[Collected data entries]
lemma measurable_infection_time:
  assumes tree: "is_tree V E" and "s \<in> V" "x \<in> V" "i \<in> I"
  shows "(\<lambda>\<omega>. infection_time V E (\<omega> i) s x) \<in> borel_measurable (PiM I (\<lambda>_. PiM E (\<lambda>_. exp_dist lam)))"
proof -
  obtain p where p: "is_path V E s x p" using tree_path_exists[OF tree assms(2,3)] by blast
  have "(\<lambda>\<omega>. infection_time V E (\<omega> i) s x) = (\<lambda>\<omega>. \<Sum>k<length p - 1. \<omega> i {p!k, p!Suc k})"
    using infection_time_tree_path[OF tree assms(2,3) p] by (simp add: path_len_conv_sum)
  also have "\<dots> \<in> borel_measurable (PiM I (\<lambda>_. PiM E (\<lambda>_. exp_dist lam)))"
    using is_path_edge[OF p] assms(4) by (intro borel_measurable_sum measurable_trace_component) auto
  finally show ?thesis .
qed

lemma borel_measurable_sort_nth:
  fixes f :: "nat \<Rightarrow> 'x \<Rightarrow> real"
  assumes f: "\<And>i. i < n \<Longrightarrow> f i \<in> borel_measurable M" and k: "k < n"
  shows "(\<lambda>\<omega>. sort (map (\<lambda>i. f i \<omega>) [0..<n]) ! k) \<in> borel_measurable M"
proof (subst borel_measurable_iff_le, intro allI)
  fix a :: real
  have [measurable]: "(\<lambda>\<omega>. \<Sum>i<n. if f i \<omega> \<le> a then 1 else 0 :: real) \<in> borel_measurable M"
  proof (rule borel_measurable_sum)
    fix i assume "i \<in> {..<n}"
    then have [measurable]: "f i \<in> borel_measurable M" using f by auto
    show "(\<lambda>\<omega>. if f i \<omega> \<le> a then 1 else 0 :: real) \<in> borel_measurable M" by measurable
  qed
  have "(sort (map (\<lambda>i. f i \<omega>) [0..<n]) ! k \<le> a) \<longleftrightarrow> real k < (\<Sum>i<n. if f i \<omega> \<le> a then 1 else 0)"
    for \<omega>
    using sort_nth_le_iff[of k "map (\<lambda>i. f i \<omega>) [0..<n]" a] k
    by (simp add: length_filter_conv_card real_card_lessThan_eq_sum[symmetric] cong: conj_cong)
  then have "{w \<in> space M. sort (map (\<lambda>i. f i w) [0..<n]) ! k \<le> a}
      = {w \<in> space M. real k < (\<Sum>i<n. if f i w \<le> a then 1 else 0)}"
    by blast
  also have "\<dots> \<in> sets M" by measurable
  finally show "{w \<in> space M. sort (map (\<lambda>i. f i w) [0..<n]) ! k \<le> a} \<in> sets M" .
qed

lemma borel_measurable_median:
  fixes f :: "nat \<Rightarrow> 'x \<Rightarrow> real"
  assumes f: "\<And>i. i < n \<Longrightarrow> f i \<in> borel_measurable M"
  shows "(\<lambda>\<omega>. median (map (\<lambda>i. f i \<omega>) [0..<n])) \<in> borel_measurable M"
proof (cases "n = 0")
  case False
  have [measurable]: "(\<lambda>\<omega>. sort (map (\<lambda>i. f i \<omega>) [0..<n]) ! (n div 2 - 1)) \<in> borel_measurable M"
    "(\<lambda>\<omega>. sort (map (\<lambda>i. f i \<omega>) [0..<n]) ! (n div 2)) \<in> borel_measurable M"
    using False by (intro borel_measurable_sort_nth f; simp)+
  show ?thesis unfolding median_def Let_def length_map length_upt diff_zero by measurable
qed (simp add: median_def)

Exercise details -
Looking at the entries above, can you reproduce exactly the lines from the one that holds "fix a :: real" through the one that holds "using sort_nth_le_iff[of k", and only those?

Task solution -
  fix a :: real
  have [measurable]: "(\<lambda>\<omega>. \<Sum>i<n. if f i \<omega> \<le> a then 1 else 0 :: real) \<in> borel_measurable M"
  proof (rule borel_measurable_sum)
    fix i assume "i \<in> {..<n}"
    then have [measurable]: "f i \<in> borel_measurable M" using f by auto
    show "(\<lambda>\<omega>. if f i \<omega> \<le> a then 1 else 0 :: real) \<in> borel_measurable M" by measurable
  qed
  have "(sort (map (\<lambda>i. f i \<omega>) [0..<n]) ! k \<le> a) \<longleftrightarrow> real k < (\<Sum>i<n. if f i \<omega> \<le> a then 1 else 0)"
    for \<omega>
    using sort_nth_le_iff[of k "map (\<lambda>i. f i \<omega>) [0..<n]" a] k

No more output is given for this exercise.